**TRY IT**
Gather, from the data below, each line in which the word "outside" occurs.

-- MATERIAL PROVIDED follows --

(* Let $\Sigma\subseteq\mathcal L_\Diamond$ be finite and closed under subformulas and let $\mathcal I$ be a finite weak $\Sigma$-quasimodel such that for every deterministic weak $\mathcal L_\Diamond$-quasimodel $\mathcal A$ the relation $\rightharpoonup\ \subseteq|\mathcal I|\times|\mathcal A|$ is a surjective dynamic simulation. Let $P=\{w\in|\mathcal I|:\ \not\vdash\mathrm{Sim}(w)\}$ be the set of possible moments. Then $P$ is upward closed in $(|\mathcal I|,\preccurlyeq_{\mathcal I})$, and $S_{\mathcal I}\cap(P\times P)$ is serial on $P$: for every $w\in P$ there is $v\in P$ with $w\,S_{\mathcal I}\,v$.
   Context: $\mathcal L_\Diamond$ is the propositional language with $\bot,\wedge,\vee,\to$ and unary modalities $\bigcirc$, $\Diamond$. ${\sf ITL}^0_\Diamond$ is axiomatized by all intuitionistic propositional tautologies, $\neg\bigcirc\bot$, $\bigcirc\varphi\wedge\bigcirc\psi\to\bigcirc(\varphi\wedge\psi)$, $\bigcirc(\varphi\vee\psi)\to\bigcirc\varphi\vee\bigcirc\psi$, $\bigcirc(\varphi\to\psi)\to(\bigcirc\varphi\to\bigcirc\psi)$, $\varphi\vee\bigcirc\Diamond\varphi\to\Diamond\varphi$, closed under modus ponens and the rules $\varphi/\bigcirc\varphi$, $(\varphi\to\psi)/(\Diamond\varphi\to\Diamond\psi)$, $(\bigcirc\varphi\to\varphi)/(\Diamond\varphi\to\varphi)$; $\vdash\varphi$ means $\varphi\in{\sf ITL}^0_\Diamond$. Types: a $\Sigma$-type is a pair $\Phi=(\Phi^-;\Phi^+)$ of subsets of $\Sigma$ with $\Phi^-\cap\Phi^+=\varnothing$, $\Phi^-\cup\Phi^+=\Sigma$, $\bot\notin\Phi^+$, $\wedge,\vee$ in $\Phi^+$ behaving classically, ($\varphi\to\psi\in\Phi^+\Rightarrow\varphi\in\Phi^-$ or $\psi\in\Phi^+$), ($\Diamond\varphi\in\Phi^-\Rightarrow\varphi\in\Phi^-$). $\Phi\preccurlyeq_T\Psi$ iff $\Phi^+\subseteq\Psi^+$; $\Phi\subseteq_T\Psi$ iff $\Phi^-\subseteq\Psi^-$, $\Phi^+\subseteq\Psi^+$. $\Phi\,S_T\,\Psi$ iff: $\bigcirc\varphi\in\Phi^+\Rightarrow\varphi\in\Psi^+$; $\bigcirc\varphi\in\Phi^-\Rightarrow\varphi\in\Psi^-$; ($\Diamond\varphi\in\Phi^+$, $\varphi\in\Phi^-$)$\Rightarrow\Diamond\varphi\in\Psi^+$; $\Diamond\varphi\in\Phi^-\Rightarrow\Diamond\varphi\in\Psi^-$. A $\Sigma$-labelled frame is $(W,\preccurlyeq,\ell)$, $\preccurlyeq$ a partial order, $\ell$ mapping to $\Sigma$-types, monotone w.r.t. $\preccurlyeq_T$, and if $\varphi\to\psi\in\ell^-(w)$ then some $v\succcurlyeq w$ has $\varphi\in\ell^+(v)$, $\psi\in\ell^-(v)$. A weak $\Sigma$-quasimodel adds $S\subseteq W\times W$ forward-confluent (if $w\preccurlyeq w'$, $w\,S\,v$ then some $v'\succcurlyeq v$ has $w'\,S\,v'$) and sensible ($w\,S\,v\Rightarrow\ell(w)\,S_T\,\ell(v)$); deterministic if $S$ is a function. A simulation from a $\Sigma$-labelled $\mathcal X$ to a $\Delta$-labelled $\mathcal Y$ ($\Sigma\subseteq\Delta$) is a forward-confluent $E\subseteq|\mathcal X|\times|\mathcal Y|$ (if $x\,E\,y$, $x\preccurlyeq x'$ then some $y'\succcurlyeq y$ has $x'\,E\,y'$) with $x\,E\,y\Rightarrow\ell(x)\subseteq_T\ell(y)$; $x\rightharpoonup y$ iff some simulation relates them; $E$ is dynamic if $x\,E\,y$ and $y\,S\,y'$ imply some $x'$ with $x\,S\,x'$, $x'\,E\,y'$; surjective if every point of $\mathcal A$ is in its range. $\mathrm{Sim}(w)$ for $w$ in a finite $\Sigma$-labelled frame is defined by backwards induction on $\prec$: $\mathrm{Sim}(w)=\bigwedge\ell^+(w)\to\big(\bigvee\ell^-(w)\vee\bigvee_{v\succ w}\mathrm{Sim}(v)\big)$ ($\bigwedge\varnothing=\top$, $\bigvee\varnothing=\bot$). *)

theory Defs
  imports Main
begin

datatype fm = Var nat | Bot | And fm fm | Or fm fm | Imp fm fm | Nxt fm | Dia fm

definition Top :: fm where "Top = Imp Bot Bot"

fun subfms :: "fm \<Rightarrow> fm set" where
  "subfms (Var p) = {Var p}"
| "subfms Bot = {Bot}"
| "subfms (And a b) = insert (And a b) (subfms a \<union> subfms b)"
| "subfms (Or a b) = insert (Or a b) (subfms a \<union> subfms b)"
| "subfms (Imp a b) = insert (Imp a b) (subfms a \<union> subfms b)"
| "subfms (Nxt a) = insert (Nxt a) (subfms a)"
| "subfms (Dia a) = insert (Dia a) (subfms a)"

definition subfm_closed :: "fm set \<Rightarrow> bool" where
  "subfm_closed \<Sigma> \<longleftrightarrow> (\<forall>\<phi>\<in>\<Sigma>. subfms \<phi> \<subseteq> \<Sigma>)"

text \<open>Intuitionistic propositional tautologies are obtained as the closure under
modus ponens of all instances (over the whole language) of the standard Hilbert
axiom schemes of intuitionistic propositional logic.\<close>

inductive prv :: "fm \<Rightarrow> bool" where
  ipc1: "prv (Imp a (Imp b a))"
| ipc2: "prv (Imp (Imp a (Imp b c)) (Imp (Imp a b) (Imp a c)))"
| ipc3: "prv (Imp (And a b) a)"
| ipc4: "prv (Imp (And a b) b)"
| ipc5: "prv (Imp a (Imp b (And a b)))"
| ipc6: "prv (Imp a (Or a b))"
| ipc7: "prv (Imp b (Or a b))"
| ipc8: "prv (Imp (Imp a c) (Imp (Imp b c) (Imp (Or a b) c)))"
| ipc9: "prv (Imp Bot a)"
| nxt_bot: "prv (Imp (Nxt Bot) Bot)"
| nxt_and: "prv (Imp (And (Nxt a) (Nxt b)) (Nxt (And a b)))"
| nxt_or: "prv (Imp (Nxt (Or a b)) (Or (Nxt a) (Nxt b)))"
| nxt_imp: "prv (Imp (Nxt (Imp a b)) (Imp (Nxt a) (Nxt b)))"
| dia_fix: "prv (Imp (Or a (Nxt (Dia a))) (Dia a))"
| mp: "prv (Imp a b) \<Longrightarrow> prv a \<Longrightarrow> prv b"
| nec: "prv a \<Longrightarrow> prv (Nxt a)"
| dia_mono: "prv (Imp a b) \<Longrightarrow> prv (Imp (Dia a) (Dia b))"
| dia_ind: "prv (Imp (Nxt a) a) \<Longrightarrow> prv (Imp (Dia a) a)"

text \<open>A type is a pair (Phi-minus, Phi-plus).\<close>
type_synonym tp = "fm set \<times> fm set"

definition is_type :: "fm set \<Rightarrow> tp \<Rightarrow> bool" where
  "is_type \<Sigma> \<Phi> \<longleftrightarrow>
     fst \<Phi> \<inter> snd \<Phi> = {} \<and> fst \<Phi> \<union> snd \<Phi> = \<Sigma> \<and> Bot \<notin> snd \<Phi> \<and>
     (\<forall>a b. And a b \<in> \<Sigma> \<longrightarrow> (And a b \<in> snd \<Phi> \<longleftrightarrow> a \<in> snd \<Phi> \<and> b \<in> snd \<Phi>)) \<and>
     (\<forall>a b. Or a b \<in> \<Sigma> \<longrightarrow> (Or a b \<in> snd \<Phi> \<longleftrightarrow> a \<in> snd \<Phi> \<or> b \<in> snd \<Phi>)) \<and>
     (\<forall>a b. Imp a b \<in> snd \<Phi> \<longrightarrow> a \<in> fst \<Phi> \<or> b \<in> snd \<Phi>) \<and>
     (\<forall>a. Dia a \<in> fst \<Phi> \<longrightarrow> a \<in> fst \<Phi>)"

definition type_le :: "tp \<Rightarrow> tp \<Rightarrow> bool" where
  "type_le \<Phi> \<Psi> \<longleftrightarrow> snd \<Phi> \<subseteq> snd \<Psi>"

definition type_sub :: "tp \<Rightarrow> tp \<Rightarrow> bool" where
  "type_sub \<Phi> \<Psi> \<longleftrightarrow> fst \<Phi> \<subseteq> fst \<Psi> \<and> snd \<Phi> \<subseteq> snd \<Psi>"

definition type_S :: "tp \<Rightarrow> tp \<Rightarrow> bool" where
  "type_S \<Phi> \<Psi> \<longleftrightarrow>
     (\<forall>a. Nxt a \<in> snd \<Phi> \<longrightarrow> a \<in> snd \<Psi>) \<and>
     (\<forall>a. Nxt a \<in> fst \<Phi> \<longrightarrow> a \<in> fst \<Psi>) \<and>
     (\<forall>a. Dia a \<in> snd \<Phi> \<and> a \<in> fst \<Phi> \<longrightarrow> Dia a \<in> snd \<Psi>) \<and>
     (\<forall>a. Dia a \<in> fst \<Phi> \<longrightarrow> Dia a \<in> fst \<Psi>)"

record 'a kframe =
  carrier :: "'a set"
  le :: "'a \<Rightarrow> 'a \<Rightarrow> bool"
  lab :: "'a \<Rightarrow> tp"
  suc :: "'a \<Rightarrow> 'a \<Rightarrow> bool"

definition labelled_frame :: "fm set \<Rightarrow> 'a kframe \<Rightarrow> bool" where
  "labelled_frame \<Sigma> M \<longleftrightarrow>
     (\<forall>w\<in>carrier M. le M w w) \<and>
     (\<forall>u\<in>carrier M. \<forall>v\<in>carrier M. \<forall>w\<in>carrier M. le M u v \<and> le M v w \<longrightarrow> le M u w) \<and>
     (\<forall>u\<in>carrier M. \<forall>v\<in>carrier M. le M u v \<and> le M v u \<longrightarrow> u = v) \<and>
     (\<forall>u v. le M u v \<longrightarrow> u \<in> carrier M \<and> v \<in> carrier M) \<and>
     (\<forall>w\<in>carrier M. is_type \<Sigma> (lab M w)) \<and>
     (\<forall>w\<in>carrier M. \<forall>v\<in>carrier M. le M w v \<longrightarrow> type_le (lab M w) (lab M v)) \<and>
     (\<forall>w\<in>carrier M. \<forall>a b. Imp a b \<in> fst (lab M w) \<longrightarrow>
        (\<exists>v\<in>carrier M. le M w v \<and> a \<in> snd (lab M v) \<and> b \<in> fst (lab M v)))"

definition weak_quasimodel :: "fm set \<Rightarrow> 'a kframe \<Rightarrow> bool" where
  "weak_quasimodel \<Sigma> M \<longleftrightarrow>
     labelled_frame \<Sigma> M \<and>
     (\<forall>w v. suc M w v \<longrightarrow> w \<in> carrier M \<and> v \<in> carrier M) \<and>
     (\<forall>w w' v. le M w w' \<and> suc M w v \<longrightarrow> (\<exists>v'. le M v v' \<and> suc M w' v')) \<and>
     (\<forall>w v. suc M w v \<longrightarrow> type_S (lab M w) (lab M v))"

definition deterministic :: "'a kframe \<Rightarrow> bool" where
  "deterministic M \<longleftrightarrow> (\<forall>w\<in>carrier M. \<exists>!v. suc M w v)"

definition simulation :: "'a kframe \<Rightarrow> 'b kframe \<Rightarrow> ('a \<Rightarrow> 'b \<Rightarrow> bool) \<Rightarrow> bool" where
  "simulation X Y E \<longleftrightarrow>
     (\<forall>x y. E x y \<longrightarrow> x \<in> carrier X \<and> y \<in> carrier Y) \<and>
     (\<forall>x y x'. E x y \<and> le X x x' \<longrightarrow> (\<exists>y'. le Y y y' \<and> E x' y')) \<and>
     (\<forall>x y. E x y \<longrightarrow> type_sub (lab X x) (lab Y y))"

definition simulates :: "'a kframe \<Rightarrow> 'b kframe \<Rightarrow> 'a \<Rightarrow> 'b \<Rightarrow> bool" where
  "simulates X Y x y \<longleftrightarrow> (\<exists>E. simulation X Y E \<and> E x y)"

definition dynamic_rel :: "'a kframe \<Rightarrow> 'b kframe \<Rightarrow> ('a \<Rightarrow> 'b \<Rightarrow> bool) \<Rightarrow> bool" where
  "dynamic_rel X Y E \<longleftrightarrow>
     (\<forall>x y y'. E x y \<and> suc Y y y' \<longrightarrow> (\<exists>x'. suc X x x' \<and> E x' y'))"

definition surjective_rel :: "'a kframe \<Rightarrow> 'b kframe \<Rightarrow> ('a \<Rightarrow> 'b \<Rightarrow> bool) \<Rightarrow> bool" where
  "surjective_rel X Y E \<longleftrightarrow> (\<forall>y\<in>carrier Y. \<exists>x\<in>carrier X. E x y)"

definition list_of :: "fm set \<Rightarrow> fm list" where
  "list_of S = (SOME xs. set xs = S \<and> distinct xs)"

definition BigAnd :: "fm set \<Rightarrow> fm" where
  "BigAnd S = foldr And (list_of S) Top"

definition BigOr :: "fm set \<Rightarrow> fm" where
  "BigOr S = foldr Or (list_of S) Bot"

text \<open>Backwards induction on the strict order, implemented with fuel; with fuel
card W the recursion never runs out on a finite partial order.\<close>
primrec simf :: "nat \<Rightarrow> 'a kframe \<Rightarrow> 'a \<Rightarrow> fm" where
  "simf 0 M w = Bot"
| "simf (Suc n) M w =
     Imp (BigAnd (snd (lab M w)))
         (Or (BigOr (fst (lab M w)))
             (BigOr (simf n M ` {v \<in> carrier M. le M w v \<and> v \<noteq> w})))"

definition Sim :: "'a kframe \<Rightarrow> 'a \<Rightarrow> fm" where
  "Sim M w = simf (card (carrier M)) M w"
(* Let $a,n$ be positive integers and write $(1+y+\cdots+y^{a-1})^n=\sum_{k=0}^{n(a-1)}c_k\,y^k$. For $0\le i\le a-1$ and a polynomial $f$ of one variable of degree less than $n$, define \[\Sigma_i f(y)=\sum_{k\equiv i\ (\mathrm{mod}\ a)}c_k\,f(y-k).\] Then $\Sigma_i f(y)$ is independent of $i$, and hence \[\Sigma_i f(y)=\frac1a\,(1+S+\cdots+S^{a-1})^n f(y),\] where $S$ is the shift operator $(Sf)(y)=f(y-1)$. *)

theory Defs
  imports "HOL-Computational_Algebra.Polynomial"
begin

definition cc :: "nat \<Rightarrow> nat \<Rightarrow> nat \<Rightarrow> nat" where
  "cc a n k = coeff ((\<Sum>j<a. monom (1::nat) j) ^ n) k"

definition shift :: "'a::comm_ring_1 poly \<Rightarrow> 'a poly" where
  "shift f = pcompose f [:-1, 1:]"

definition Sigma_op :: "nat \<Rightarrow> nat \<Rightarrow> nat \<Rightarrow> 'a::comm_ring_1 poly \<Rightarrow> 'a poly" where
  "Sigma_op a n i f = (\<Sum>k\<in>{k. k \<le> n * (a - 1) \<and> k mod a = i}.
      smult (of_nat (cc a n k)) (pcompose f [:- of_nat k, 1:]))"

definition shift_sum :: "nat \<Rightarrow> 'a::comm_ring_1 poly \<Rightarrow> 'a poly" where
  "shift_sum a f = (\<Sum>j<a. (shift ^^ j) f)"

end

theory Submission
  imports Defs
begin

text \<open>
  Let \<open>P = 1 + x + \<dots> + x\<^sup>a\<^sup>-\<^sup>1\<close> and write \<open>p(S) f\<close> for the action of a
  polynomial \<open>p\<close> in the shift operator. Then \<open>\<Sigma>\<^sub>i f = q\<^sub>i(S) f\<close>, where \<open>q\<^sub>i\<close> is the
  section of \<open>P\<^sup>n\<close> made of the monomials of exponent \<open>\<equiv> i (mod a)\<close>. Since \<open>1 - S\<close>
  lowers the degree, \<open>(1 - S)\<^sup>n\<close> annihilates polynomials of degree \<open>< n\<close>; so it
  suffices that \<open>(1 - x)\<^sup>n\<close> divides \<open>a q\<^sub>i - P\<^sup>n\<close>. This follows by induction on
  \<open>n\<close>: the sections of \<open>P Q\<close> are \<open>\<Sum>\<^sub>t x\<^sup>t Q\<^sub>i\<^sub>-\<^sub>t\<close>, hence
  \<open>a (PQ)\<^sub>i - PQ = \<Sum>\<^sub>t (x\<^sup>t - 1)(a Q\<^sub>i\<^sub>-\<^sub>t - Q)\<close> (indices mod \<open>a\<close>), and \<open>1 - x\<close> divides
  every \<open>x\<^sup>t - 1\<close>.
\<close>

lemma funpow_shift: "(shift ^^ k) f = f \<circ>\<^sub>p [:- of_nat k, 1:]"
  by (induction k) (simp_all add: shift_def pcompose_assoc[symmetric] pcompose_pCons algebra_simps)

lemma shift_smult: "shift (smult c f) = smult c (shift f)"
  by (simp add: shift_def pcompose_smult)

lemma shift_sum: "shift (sum g A) = (\<Sum>i\<in>A. shift (g i))"
  by (simp add: shift_def pcompose_sum)

lemma shift_uminus: "shift (- f) = - shift f"
  by (simp add: shift_def pcompose_uminus)

lemma smult_sum_right: "smult c (sum g A) = (\<Sum>i\<in>A. smult c (g i))"
  by (induction A rule: infinite_finite_induct) (simp_all add: smult_add_right)

lemma degree_diff_shift_less:
  fixes f :: "'a::idom poly"
  assumes "degree f > 0"
  shows "degree (f - shift f) < degree f"
proof -
  have deg: "degree (shift f) = degree f"
    by (simp add: shift_def degree_pcompose)
  have lead: "lead_coeff (shift f) = lead_coeff f"
    by (simp add: shift_def lead_coeff_comp)
  have "degree (f - shift f) \<noteq> degree f"
  proof
    assume eq: "degree (f - shift f) = degree f"
    then have "f - shift f = 0"
      using deg lead by (metis coeff_diff diff_self leading_coeff_0_iff)
    then show False
      using eq assms by simp
  qed
  moreover have "degree (f - shift f) \<le> degree f"
    using degree_diff_le[of f "degree f" "shift f"] deg by simp
  ultimately show ?thesis
    by simp
qed

definition eval_shift :: "'a::comm_ring_1 poly \<Rightarrow> 'a poly \<Rightarrow> 'a poly" where
  "eval_shift p f = (\<Sum>k\<le>degree p. smult (coeff p k) ((shift ^^ k) f))"

lemma eval_shift_0 [simp]: "eval_shift 0 f = 0"
  by (simp add: eval_shift_def)

lemma eval_shift_0_right [simp]: "eval_shift p 0 = 0"
  by (simp add: eval_shift_def funpow_shift)

lemma eval_shift_eq_sum:
  assumes "finite K" and "\<And>k. coeff p k \<noteq> 0 \<Longrightarrow> k \<in> K"
  shows "eval_shift p f = (\<Sum>k\<in>K. smult (coeff p k) ((shift ^^ k) f))"
proof -
  have outside: "coeff p k = 0" if "k \<notin> K" for k
    using assms(2) that by blast
  have "eval_shift p f = (\<Sum>k\<in>K \<union> {..degree p}. smult (coeff p k) ((shift ^^ k) f))"
    unfolding eval_shift_def
    by (rule sum.mono_neutral_left) (use assms in \<open>auto intro: le_degree\<close>)
  also have "\<dots> = (\<Sum>k\<in>K. smult (coeff p k) ((shift ^^ k) f))"
    by (rule sum.mono_neutral_right) (use assms(1) outside in auto)
  finally show ?thesis .
qed

lemma eval_shift_add: "eval_shift (p + q) f = eval_shift p f + eval_shift q f"
proof -
  have "eval_shift r f = (\<Sum>k\<le>max (degree p) (degree q). smult (coeff r k) ((shift ^^ k) f))"
    if "r \<in> {p, q, p + q}" for r
    by (rule eval_shift_eq_sum) (use that in \<open>auto intro: le_degree simp: le_max_iff_disj not_le coeff_eq_0\<close>)
  then show ?thesis
    by (simp add: smult_add_left sum.distrib)
qed

lemma eval_shift_smult: "eval_shift (smult c p) f = smult c (eval_shift p f)"
proof -
  have "eval_shift (smult c p) f = (\<Sum>k\<le>degree p. smult (coeff (smult c p) k) ((shift ^^ k) f))"
    by (rule eval_shift_eq_sum) (auto intro: le_degree)
  then show ?thesis
    by (simp add: eval_shift_def smult_sum_right)
qed

lemma eval_shift_diff: "eval_shift (p - q) f = eval_shift p f - eval_shift q f"
  by (metis eval_shift_add diff_add_cancel add_diff_cancel)

lemma eval_shift_sum: "eval_shift (sum g A) f = (\<Sum>i\<in>A. eval_shift (g i) f)"
  by (induction A rule: infinite_finite_induct) (simp_all add: eval_shift_add)

lemma eval_shift_add_right: "eval_shift p (f + g) = eval_shift p f + eval_shift p g"
  by (simp add: eval_shift_def funpow_shift pcompose_add smult_add_right sum.distrib)

lemma eval_shift_pCons: "eval_shift (pCons c p) f = smult c f + shift (eval_shift p f)"
proof -
  have "eval_shift (pCons c p) f =
      (\<Sum>k\<le>Suc (degree p). smult (coeff (pCons c p) k) ((shift ^^ k) f))"
    by (rule eval_shift_eq_sum) (auto simp: coeff_pCons split: nat.splits intro: le_degree)
  also have "\<dots> = smult c f + (\<Sum>k\<le>degree p. smult (coeff p k) ((shift ^^ Suc k) f))"
    by (subst sum.atMost_Suc_shift) simp
  also have "\<dots> = smult c f + shift (eval_shift p f)"
    by (simp add: eval_shift_def shift_sum shift_smult)
  finally show ?thesis .
qed

lemma eval_shift_mult: "eval_shift (p * q) f = eval_shift p (eval_shift q f)"
proof (induction p)
  case 0
  then show ?case by simp
next
  case (pCons c p)
  then show ?case
    by (simp add: eval_shift_add eval_shift_smult eval_shift_pCons eval_shift_add_right)
qed

lemma eval_shift_monom: "eval_shift (monom 1 j) f = (shift ^^ j) f"
  by (subst eval_shift_eq_sum[where K = "{j}"]) (auto split: if_splits)

lemma eval_shift_1 [simp]: "eval_shift 1 f = f"
  using eval_shift_monom[of 0 f] by simp

lemma eval_shift_one_minus_X: "eval_shift [:1, -1:] f = f - shift f"
  by (simp add: eval_shift_pCons shift_uminus eval_shift_def)

lemma eval_shift_one_minus_X_power:
  fixes f :: "'a::idom poly"
  assumes "degree f < n"
  shows "eval_shift ([:1, -1:] ^ n) f = 0"
  using assms
proof (induction n arbitrary: f)
  case 0
  then show ?case by simp
next
  case (Suc n)
  have "eval_shift ([:1, -1:] ^ Suc n) f = eval_shift ([:1, -1:] ^ n) (f - shift f)"
    by (simp only: power_Suc2 eval_shift_mult eval_shift_one_minus_X)
  also have "\<dots> = 0"
  proof (cases "degree f = 0")
    case True
    then have "f - shift f = 0"
      by (metis degree_eq_zeroE pcompose_const shift_def diff_self)
    then show ?thesis
      by simp
  next
    case False
    then show ?thesis
      using degree_diff_shift_less[of f] Suc by simp
  qed
  finally show ?case .
qed

lemma eval_shift_eq_if_one_minus_X_power_dvd:
  fixes f :: "'a::idom poly"
  assumes "[:1, -1:] ^ n dvd p - q" and "degree f < n"
  shows "eval_shift p f = eval_shift q f"
proof -
  obtain e where "p - q = e * [:1, -1:] ^ n"
    using assms(1) by (metis dvdE mult.commute)
  then have "eval_shift p f - eval_shift q f = eval_shift e (eval_shift ([:1, -1:] ^ n) f)"
    by (simp add: eval_shift_diff[symmetric] eval_shift_mult)
  also have "\<dots> = 0"
    by (simp add: eval_shift_one_minus_X_power[OF assms(2)])
  finally show ?thesis
    by simp
qed

definition poly_section :: "nat \<Rightarrow> nat \<Rightarrow> 'a::comm_monoid_add poly \<Rightarrow> 'a poly" where
  "poly_section a i p = (\<Sum>k | k \<le> degree p \<and> k mod a = i mod a. monom (coeff p k) k)"

lemma coeff_poly_section:
  "coeff (poly_section a i p) k = (if k mod a = i mod a then coeff p k else 0)"
proof -
  have "coeff (poly_section a i p) k =
      (\<Sum>j | j \<le> degree p \<and> j mod a = i mod a. if j = k then coeff p k else 0)"
    by (simp add: poly_section_def coeff_sum)
  also have "\<dots> = (if k mod a = i mod a then coeff p k else 0)"
    by (auto simp: coeff_eq_0)
  finally show ?thesis .
qed

lemma poly_section_add_modulus: "poly_section a (i + a) p = poly_section a i p"
  by (simp add: poly_section_def)

lemma poly_section_monom_mult:
  fixes q :: "'a::comm_semiring_1 poly"
  shows "poly_section a (j + t) (monom 1 t * q) = monom 1 t * poly_section a j q"
proof (rule poly_eqI)
  fix k
  show "coeff (poly_section a (j + t) (monom 1 t * q)) k = coeff (monom 1 t * poly_section a j q) k"
  proof (cases "t \<le> k")
    case True
    then obtain m where "k = m + t"
      using le_Suc_ex by (metis add.commute)
    moreover have "(m + t) mod a = (j + t) mod a \<longleftrightarrow> m mod a = j mod a"
      by (simp add: nat_mod_eq_iff)
    ultimately show ?thesis
      by (simp add: coeff_poly_section coeff_monom_mult)
  next
    case False
    then show ?thesis
      by (simp add: coeff_poly_section coeff_monom_mult)
  qed
qed

lemma poly_section_sum: "poly_section a i (sum g A) = (\<Sum>x\<in>A. poly_section a i (g x))"
  by (rule poly_eqI) (simp add: coeff_poly_section coeff_sum)

lemma poly_section_sum_interval:
  assumes "a > 0"
  shows "(\<Sum>j\<in>{m..<m + a}. poly_section a j q) = q"
proof (induction m)
  case 0
  have "coeff (\<Sum>j<a. poly_section a j q) k = coeff q k" for k
  proof -
    have "coeff (\<Sum>j<a. poly_section a j q) k = (\<Sum>j<a. if j = k mod a then coeff q k else 0)"
      by (auto simp: coeff_sum coeff_poly_section intro: sum.cong)
    also have "\<dots> = coeff q k"
      using assms by simp
    finally show ?thesis .
  qed
  then show ?case
    by (simp add: atLeast0LessThan poly_eqI)
next
  case (Suc m)
  have "(\<Sum>j\<in>{Suc m..<Suc m + a}. poly_section a j q) =
      (\<Sum>j\<in>{Suc m..<m + a}. poly_section a j q) + poly_section a (m + a) q"
    using assms by simp
  also have "\<dots> = poly_section a m q + (\<Sum>j\<in>{Suc m..<m + a}. poly_section a j q)"
    by (subst poly_section_add_modulus) (rule add.commute)
  also have "\<dots> = (\<Sum>j\<in>{m..<m + a}. poly_section a j q)"
    using assms by (simp add: sum.atLeast_Suc_lessThan)
  finally show ?case
    using Suc by simp
qed

lemma poly_section_sum_reflected:
  assumes "a > 0"
  shows "(\<Sum>t<a. poly_section a (i + a - t) q) = q"
proof -
  have "(\<Sum>t<a. poly_section a (i + a - t) q) = (\<Sum>j\<in>{Suc i..<Suc i + a}. poly_section a j q)"
    by (rule sum.reindex_bij_witness[where i = "\<lambda>j. i + a - j" and j = "\<lambda>t. i + a - t"]) auto
  also have "\<dots> = q"
    using assms by (rule poly_section_sum_interval)
  finally show ?thesis .
qed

-- MATERIAL PROVIDED concluded --

**RESULT**
  have outside: "coeff p k = 0" if "k \<notin> K" for k
    by (rule sum.mono_neutral_right) (use assms(1) outside in auto)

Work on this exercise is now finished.